面向切面编程(AOP是Aspect Oriented Program的首字母缩写) ,我们知道,面向对象的特点是继承、多态和封装。而封装就要求将功能分散到不同的对象中去,这在软件设计中往往称为职责分配。实际上也就是说,让不同的类设计不同的方法。这样代码就分散到一个个的类中去了。这样做的好处是降低了代码的复杂程度,使类可重用。 但是人们也发现,在分散代码的同时,也增加了代码的重复性。什么意思呢?比如说,我们在两个类中,可能都需要在每个方法中做日志。按面向对象的设计方法,我们就必须在两个类的方法中都加入日志的内容。也许他们是完全相同的,但就是因为面向对象的设计让类与类之间无法联系,而不能将这些重复的代码统一起来。 也许有人会说,那好办啊,我们可以将这段代码写在一个独立的类独立的方法里,然后再在这两个类中调用。但是,这样一来,这两个类跟我们上面提到的独立的类就有耦合了,它的改变会影响这两个类。那么,有没有什么办法,能让我们在需要的时候,随意地加入代码呢?这种在运行时,动态地将代码切入到类的指定方法、指定位置上的编程思想就是面向切面的编程。 (注:本段文字来自知乎,链接https://www.zhihu.com/question/24863332/answer/48376158,著作权归作者所有)
虽然真正的AOP是与动态代理密不可分的,但为什么说这里类似AOP的设计思想呢?从上述的拦截链,我们可以发现,Okhttp提供了两个位置供开发者去自定义拦截器,一个是拦截链的开头,一个是与服务器数据交互之前,为什么不是其他位置呢?事实上,Okhttp将整个拦截链流程,分为两个切面,连接层与通讯层,从而,开发者自定义拦截器的地方恰好就是连接点:
虽然在使用Okhttp时,我们一般比较少去对拦截器进行自定义,但是可以看到,Okhttp早就为这种扩展预留好了接口,事实上,包括java的线程池、android的asynctask对aop的设计思路均有一定体现,从而做到了以不变应万变,极大地提高了程序的扩展性,在Okhttp的wiki上可以找到这样一段话:
Since making this change we’ve been able to simplify OkHttp’s internals substantially. The code is faster and easier to understand: the whole thing is just a stack of built-in interceptors.
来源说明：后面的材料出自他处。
lemma odd_col_above:
  assumes ne: "J \<noteq> {}" and lt: "idx_less (idx_min J) a"
  defines "i \<equiv> idx_min J" and "J' \<equiv> J - {idx_min J}"
  shows "odd_col a J = - odd_op i (odd_op a (basis_vec J')) + even_op a i (basis_vec J')"
  unfolding i_def J'_def
proof -
  have not_below: "\<not> idx_below a J"
    using lt idx_min_in[OF ne] unfolding idx_below_def idx_less_def by force
  have "a \<noteq> idx_min J" using lt by (auto simp: idx_less_def)
  have "mat_app (\<lambda>L. if card L \<le> card (J - {idx_min J}) then odd_col (idx_min J) L
                      else basis_vec (insert (idx_min J) L)) (odd_col a (J - {idx_min J}))
      = mat_app (odd_col (idx_min J)) (odd_col a (J - {idx_min J}))"
  proof (rule mat_app_cong)
    fix L assume L: "odd_col a (J - {idx_min J}) L \<noteq> 0"
    show "(if card L \<le> card (J - {idx_min J}) then odd_col (idx_min J) L
           else basis_vec (insert (idx_min J) L)) = odd_col (idx_min J) L"
    proof (cases "card L \<le> card (J - {idx_min J})")
      case False
      then have "L = insert a (J - {idx_min J})" using odd_col_degree[OF L] by auto
      then have "idx_below (idx_min J) L" using idx_below_insert[OF idx_below_min lt] by simp
      then show ?thesis using False by (simp add: odd_col_below)
    qed simp
  qed
  then show "odd_col a J = - odd_op (idx_min J) (odd_op a (basis_vec (J - {idx_min J})))
      + even_op a (idx_min J) (basis_vec (J - {idx_min J}))"
    using not_below \<open>a \<noteq> idx_min J\<close> odd_col_unfold[OF ne, of a] by (simp add: odd_op_def)
qed

lemma even_col_step:
  assumes "J \<noteq> {}"
  defines "i \<equiv> idx_min J" and "J' \<equiv> J - {idx_min J}"
  shows "even_col b c J = odd_op i (even_op b c (basis_vec J'))
     + scaleR (g_real i b) (odd_op c (basis_vec J')) + scaleR (g_real i c) (odd_op b (basis_vec J'))"
proof -
  have "mat_app (\<lambda>L. if card L \<le> card J' then odd_col i L else 0) (even_col b c J')
      = mat_app (odd_col i) (even_col b c J')"
    by (rule mat_app_cong) (auto dest: even_col_degree)
  then show ?thesis
    using even_col_unfold[OF assms(1), of b c] unfolding i_def J'_def by (simp add: odd_op_def)
qed

lemma even_col_sym: "even_col b c J = even_col c b J"
proof (induction "card J" arbitrary: J rule: less_induct)
  case less
  show ?case
  proof (cases "J = {}")
    case True then show ?thesis by (simp add: even_col_empty sig2_sym)
  next
    case False
    have "card (J - {idx_min J}) < card J" using card_idx_min[OF False] by simp
    then have "even_col b c (J - {idx_min J}) = even_col c b (J - {idx_min J})" using less by blast
    then show ?thesis using even_col_step[OF False, of b c] even_col_step[OF False, of c b]
      by (simp add: even_op_def)
  qed
qed

lemma even_op_sym: "even_op b c m = even_op c b m"
  unfolding even_op_def by (metis even_col_sym ext)

section \<open>The defining relations hold on M\<close>

lemma half_half: "scaleR (1/2) x + scaleR (1/2) x = (x::'a::real_vector)"
  by (simp add: scaleR_add_left[symmetric])
lemma eq_half_of_double: "x + x = y \<Longrightarrow> x = scaleR (1/2) (y::'a::real_vector)"
  by (metis half_half scaleR_add_right add_left_cancel add_right_cancel)

lemma double_scaleR: "scaleR c v + scaleR c v = scaleR (2 * c) (v::'a::real_vector)"
  by (simp add: scaleR_add_left[symmetric])

lemma eq_add_double_of_diff:
  fixes X Z A B :: "'a::real_vector"
  assumes "X - Z = scaleR (- g) A + scaleR (- h) B + scaleR (- g) A + scaleR (- h) B"
  shows "Z = X + scaleR (2 * g) A + scaleR (2 * h) B"
proof -
  have "Z = X - (scaleR (- g) A + scaleR (- h) B + scaleR (- g) A + scaleR (- h) B)"
    using assms by (simp add: algebra_simps)
  also have "\<dots> = X + scaleR (2 * g) A + scaleR (2 * h) B"
    by (simp add: algebra_simps scaleR_add_left[symmetric])
  finally show ?thesis .
qed

definition odd_odd_rel :: "'n::finite idx \<Rightarrow> 'n idx \<Rightarrow> 'n M \<Rightarrow> bool" where
  "odd_odd_rel a b m \<longleftrightarrow> odd_op a (odd_op b m) + odd_op b (odd_op a m) = even_op a b m"
definition odd_even_rel :: "'n::finite idx \<Rightarrow> 'n idx \<Rightarrow> 'n idx \<Rightarrow> 'n M \<Rightarrow> bool" where
  "odd_even_rel z b c m \<longleftrightarrow> odd_op z (even_op b c m) - even_op b c (odd_op z m) =
     scaleR (- g_real z b) (odd_op c m) + scaleR (- g_real z c) (odd_op b m)"
definition even_even_rel :: "'n::finite idx \<Rightarrow> 'n idx \<Rightarrow> 'n idx \<Rightarrow> 'n idx \<Rightarrow> 'n M \<Rightarrow> bool" where
  "even_even_rel a b c d m \<longleftrightarrow> even_op a b (even_op c d m) - even_op c d (even_op a b m) =
     scaleR (- g_real a c) (even_op b d m) + scaleR (- g_real a d) (even_op b c m) +
     scaleR (- g_real b c) (even_op a d m) + scaleR (- g_real b d) (even_op a c m)"

lemma odd_odd_rel_of_basis:
  assumes "\<And>L. m L \<noteq> 0 \<Longrightarrow> odd_odd_rel a b (basis_vec L)" shows "odd_odd_rel a b m"
  unfolding odd_odd_rel_def
  by (rule matrix_op_eq_on_supp[OF matrix_op_add[OF matrix_op_comp matrix_op_comp]])
     (use assms in \<open>simp_all add: odd_odd_rel_def\<close>)
lemma odd_even_rel_of_basis:
  assumes "\<And>L. m L \<noteq> 0 \<Longrightarrow> odd_even_rel z b c (basis_vec L)" shows "odd_even_rel z b c m"
  unfolding odd_even_rel_def
  by (rule matrix_op_eq_on_supp[OF matrix_op_diff[OF matrix_op_comp matrix_op_comp]
        matrix_op_add[OF matrix_op_scaleR matrix_op_scaleR]])
     (use assms in \<open>simp_all add: odd_even_rel_def\<close>)
lemma even_even_rel_of_basis:
  assumes "\<And>L. m L \<noteq> 0 \<Longrightarrow> even_even_rel a b c d (basis_vec L)" shows "even_even_rel a b c d m"
  unfolding even_even_rel_def
  by (rule matrix_op_eq_on_supp[OF matrix_op_diff[OF matrix_op_comp matrix_op_comp]
        matrix_op_add[OF matrix_op_add[OF matrix_op_add[OF matrix_op_scaleR matrix_op_scaleR]
          matrix_op_scaleR] matrix_op_scaleR]])
     (use assms in \<open>simp_all add: even_even_rel_def\<close>)

lemma odd_odd_rel_sym: "odd_odd_rel a b m \<longleftrightarrow> odd_odd_rel b a m"
  unfolding odd_odd_rel_def by (simp add: even_op_sym add.commute)

lemma odd_odd_rel_below:
  assumes b: "idx_below b L" shows "odd_odd_rel a b (basis_vec L)"
proof -
  define K where "K = insert b L"
  have bK: "odd_op b (basis_vec L) = basis_vec K" using odd_col_below[OF b] by (simp add: K_def)
  have neK: "K \<noteq> {}" by (simp add: K_def)
  have mK: "idx_min K = b" using idx_min_insert_below[OF b] by (simp add: K_def)
  have KL: "K - {b} = L" using idx_below_notin[OF b] by (auto simp: K_def)
  consider (below) "idx_below a K" | (eq) "a = b" | (above) "\<not> idx_below a K" "a \<noteq> b" by blast
  then show ?thesis
  proof cases
    case below
    have ab: "idx_less a b" and aL: "idx_below a L" using below unfolding idx_below_def K_def by simp_all
    define K' where "K' = insert a L"
    have "odd_op b (odd_op a (basis_vec L)) = odd_col b K'"
      using odd_col_below[OF aL] by (simp add: K'_def)
    also have "\<dots> = - odd_op a (odd_op b (basis_vec L)) + even_op b a (basis_vec L)"
      using odd_col_above[of K' b] idx_min_insert_below[OF aL] idx_below_notin[OF aL] ab
      by (simp add: K'_def insert_Diff_if)
    finally show ?thesis unfolding odd_odd_rel_def by (simp add: even_op_sym)
  next
    case eq
    have "odd_op b (odd_op b (basis_vec L)) = scaleR (1/2) (even_op b b (basis_vec L))"
      using odd_col_min[OF neK] bK mK KL by simp
    then show ?thesis unfolding odd_odd_rel_def eq by (simp add: half_half)
  next
    case above
    have "idx_less b a" using idx_less_min_of_not_below[of a K] above mK by simp
    then have "odd_op a (odd_op b (basis_vec L)) = - odd_op b (odd_op a (basis_vec L)) + even_op a b (basis_vec L)"
      using odd_col_above[OF neK, of a] bK mK KL by simp
    then show ?thesis unfolding odd_odd_rel_def by simp
  qed
qed

lemma odd_even_rel_below:
  assumes z: "idx_below z L" shows "odd_even_rel z b c (basis_vec L)"
proof -
  define K where "K = insert z L"
  have zK: "odd_op z (basis_vec L) = basis_vec K" using odd_col_below[OF z] by (simp add: K_def)
  have "K \<noteq> {}" and "idx_min K = z" and "K - {z} = L"
    using idx_min_insert_below[OF z] idx_below_notin[OF z] by (auto simp: K_def)
  then have "even_op b c (odd_op z (basis_vec L)) = odd_op z (even_op b c (basis_vec L))
      + scaleR (g_real z b) (odd_op c (basis_vec L)) + scaleR (g_real z c) (odd_op b (basis_vec L))"
    using even_col_step[of K b c] zK by simp
  then show ?thesis unfolding odd_even_rel_def by (simp add: algebra_simps)
qed

definition rels_hold :: "'n::finite idx set \<Rightarrow> bool" where
  "rels_hold L \<longleftrightarrow> (\<forall>a b. odd_odd_rel a b (basis_vec L)) \<and> (\<forall>z b c. odd_even_rel z b c (basis_vec L))
     \<and> (\<forall>a b c d. even_even_rel a b c d (basis_vec L))"

lemma odd_odd_rel_of_low_or_below:
  fixes m :: "'n::finite M"
  assumes IH: "\<And>L :: 'n idx set. card L < n \<Longrightarrow> rels_hold L"
    and low: "\<And>L. m L \<noteq> 0 \<Longrightarrow> card L < n \<or> idx_below b L"
  shows "odd_odd_rel a b m"
proof (rule odd_odd_rel_of_basis)
  fix L assume "m L \<noteq> 0"
  then consider "card L < n" | "idx_below b L" using low by blast
  then show "odd_odd_rel a b (basis_vec L)"
    by cases (use IH odd_odd_rel_below in \<open>auto simp: rels_hold_def\<close>)
qed

lemma odd_even_rel_of_low_or_below:
  fixes m :: "'n::finite M"
  assumes IH: "\<And>L :: 'n idx set. card L < n \<Longrightarrow> rels_hold L"
    and low: "\<And>L. m L \<noteq> 0 \<Longrightarrow> card L < n \<or> idx_below z L"
  shows "odd_even_rel z b c m"
proof (rule odd_even_rel_of_basis)
  fix L assume "m L \<noteq> 0"
  then consider "card L < n" | "idx_below z L" using low by blast
  then show "odd_even_rel z b c (basis_vec L)"
    by cases (use IH odd_even_rel_below in \<open>auto simp: rels_hold_def\<close>)
qed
下面贴两个Okhttp wiki上的两个自定义的Interceptor,打印Log:
class LoggingInterceptor implements Interceptor {
@Override public Response intercept(Interceptor.Chain chain) throws IOException {
Request request = chain.request();
long t1 = System.nanoTime();
logger.info(String.format("Sending request %s on %s%n%s",
request.url(), chain.connection(), request.headers()));
Response response = chain.proceed(request);
long t2 = System.nanoTime();
logger.info(String.format("Received response for %s in %.1fms%n%s",
response.request().url(), (t2 - t1) / 1e6d, response.headers()));
return response;
}
}
Gzip压缩:
final class GzipRequestInterceptor implements Interceptor {
@Override public Response intercept(Interceptor.Chain chain) throws IOException {
Request originalRequest = chain.request();
if (originalRequest.body() == null || originalRequest.header("Content-Encoding") != null) {
return chain.proceed(originalRequest);
}
Request compressedRequest = originalRequest.newBuilder()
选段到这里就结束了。